Saved entries
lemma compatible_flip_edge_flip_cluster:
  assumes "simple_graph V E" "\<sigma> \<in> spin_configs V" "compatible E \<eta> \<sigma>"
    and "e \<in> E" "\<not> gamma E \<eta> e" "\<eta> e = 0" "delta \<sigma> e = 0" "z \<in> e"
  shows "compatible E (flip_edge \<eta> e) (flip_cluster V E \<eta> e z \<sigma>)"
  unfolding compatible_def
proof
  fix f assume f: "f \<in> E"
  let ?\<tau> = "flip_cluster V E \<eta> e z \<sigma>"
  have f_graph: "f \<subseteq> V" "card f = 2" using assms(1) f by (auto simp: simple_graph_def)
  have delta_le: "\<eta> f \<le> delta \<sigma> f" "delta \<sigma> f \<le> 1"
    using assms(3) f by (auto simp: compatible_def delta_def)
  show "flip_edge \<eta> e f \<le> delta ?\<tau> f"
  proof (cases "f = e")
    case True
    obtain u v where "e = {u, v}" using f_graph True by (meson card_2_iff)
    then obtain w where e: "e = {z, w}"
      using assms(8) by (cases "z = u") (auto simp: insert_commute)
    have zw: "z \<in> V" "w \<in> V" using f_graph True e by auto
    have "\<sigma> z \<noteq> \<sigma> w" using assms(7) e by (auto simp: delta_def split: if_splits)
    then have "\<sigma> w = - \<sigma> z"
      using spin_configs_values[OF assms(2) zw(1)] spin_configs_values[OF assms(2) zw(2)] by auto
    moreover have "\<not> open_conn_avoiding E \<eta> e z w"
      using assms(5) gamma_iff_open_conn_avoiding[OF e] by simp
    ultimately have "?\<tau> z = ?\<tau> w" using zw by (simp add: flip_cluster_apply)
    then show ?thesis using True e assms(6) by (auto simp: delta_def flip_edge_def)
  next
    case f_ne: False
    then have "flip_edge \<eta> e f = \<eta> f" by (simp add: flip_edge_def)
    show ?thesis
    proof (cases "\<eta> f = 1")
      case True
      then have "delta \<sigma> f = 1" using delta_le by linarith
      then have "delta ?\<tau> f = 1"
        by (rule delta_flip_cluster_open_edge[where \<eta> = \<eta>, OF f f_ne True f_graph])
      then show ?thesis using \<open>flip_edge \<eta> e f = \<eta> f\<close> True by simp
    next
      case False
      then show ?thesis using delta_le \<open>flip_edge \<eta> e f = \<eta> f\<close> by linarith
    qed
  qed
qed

* [Aim of the exercise]
Transcribe each of the records verbatim.

* [Solution to the problem]
lemma compatible_flip_edge_flip_cluster:
  assumes "simple_graph V E" "\<sigma> \<in> spin_configs V" "compatible E \<eta> \<sigma>"
    and "e \<in> E" "\<not> gamma E \<eta> e" "\<eta> e = 0" "delta \<sigma> e = 0" "z \<in> e"
  shows "compatible E (flip_edge \<eta> e) (flip_cluster V E \<eta> e z \<sigma>)"
  unfolding compatible_def
proof
  fix f assume f: "f \<in> E"
  let ?\<tau> = "flip_cluster V E \<eta> e z \<sigma>"
  have f_graph: "f \<subseteq> V" "card f = 2" using assms(1) f by (auto simp: simple_graph_def)
  have delta_le: "\<eta> f \<le> delta \<sigma> f" "delta \<sigma> f \<le> 1"
    using assms(3) f by (auto simp: compatible_def delta_def)
  show "flip_edge \<eta> e f \<le> delta ?\<tau> f"
  proof (cases "f = e")
    case True
    obtain u v where "e = {u, v}" using f_graph True by (meson card_2_iff)
    then obtain w where e: "e = {z, w}"
      using assms(8) by (cases "z = u") (auto simp: insert_commute)
    have zw: "z \<in> V" "w \<in> V" using f_graph True e by auto
    have "\<sigma> z \<noteq> \<sigma> w" using assms(7) e by (auto simp: delta_def split: if_splits)
    then have "\<sigma> w = - \<sigma> z"
      using spin_configs_values[OF assms(2) zw(1)] spin_configs_values[OF assms(2) zw(2)] by auto
    moreover have "\<not> open_conn_avoiding E \<eta> e z w"
      using assms(5) gamma_iff_open_conn_avoiding[OF e] by simp
    ultimately have "?\<tau> z = ?\<tau> w" using zw by (simp add: flip_cluster_apply)
    then show ?thesis using True e assms(6) by (auto simp: delta_def flip_edge_def)
  next
    case f_ne: False
    then have "flip_edge \<eta> e f = \<eta> f" by (simp add: flip_edge_def)
    show ?thesis
    proof (cases "\<eta> f = 1")
      case True
      then have "delta \<sigma> f = 1" using delta_le by linarith
      then have "delta ?\<tau> f = 1"
        by (rule delta_flip_cluster_open_edge[where \<eta> = \<eta>, OF f f_ne True f_graph])
      then show ?thesis using \<open>flip_edge \<eta> e f = \<eta> f\<close> True by simp
    next
      case False
      then show ?thesis using delta_le \<open>flip_edge \<eta> e f = \<eta> f\<close> by linarith
    qed
  qed
qed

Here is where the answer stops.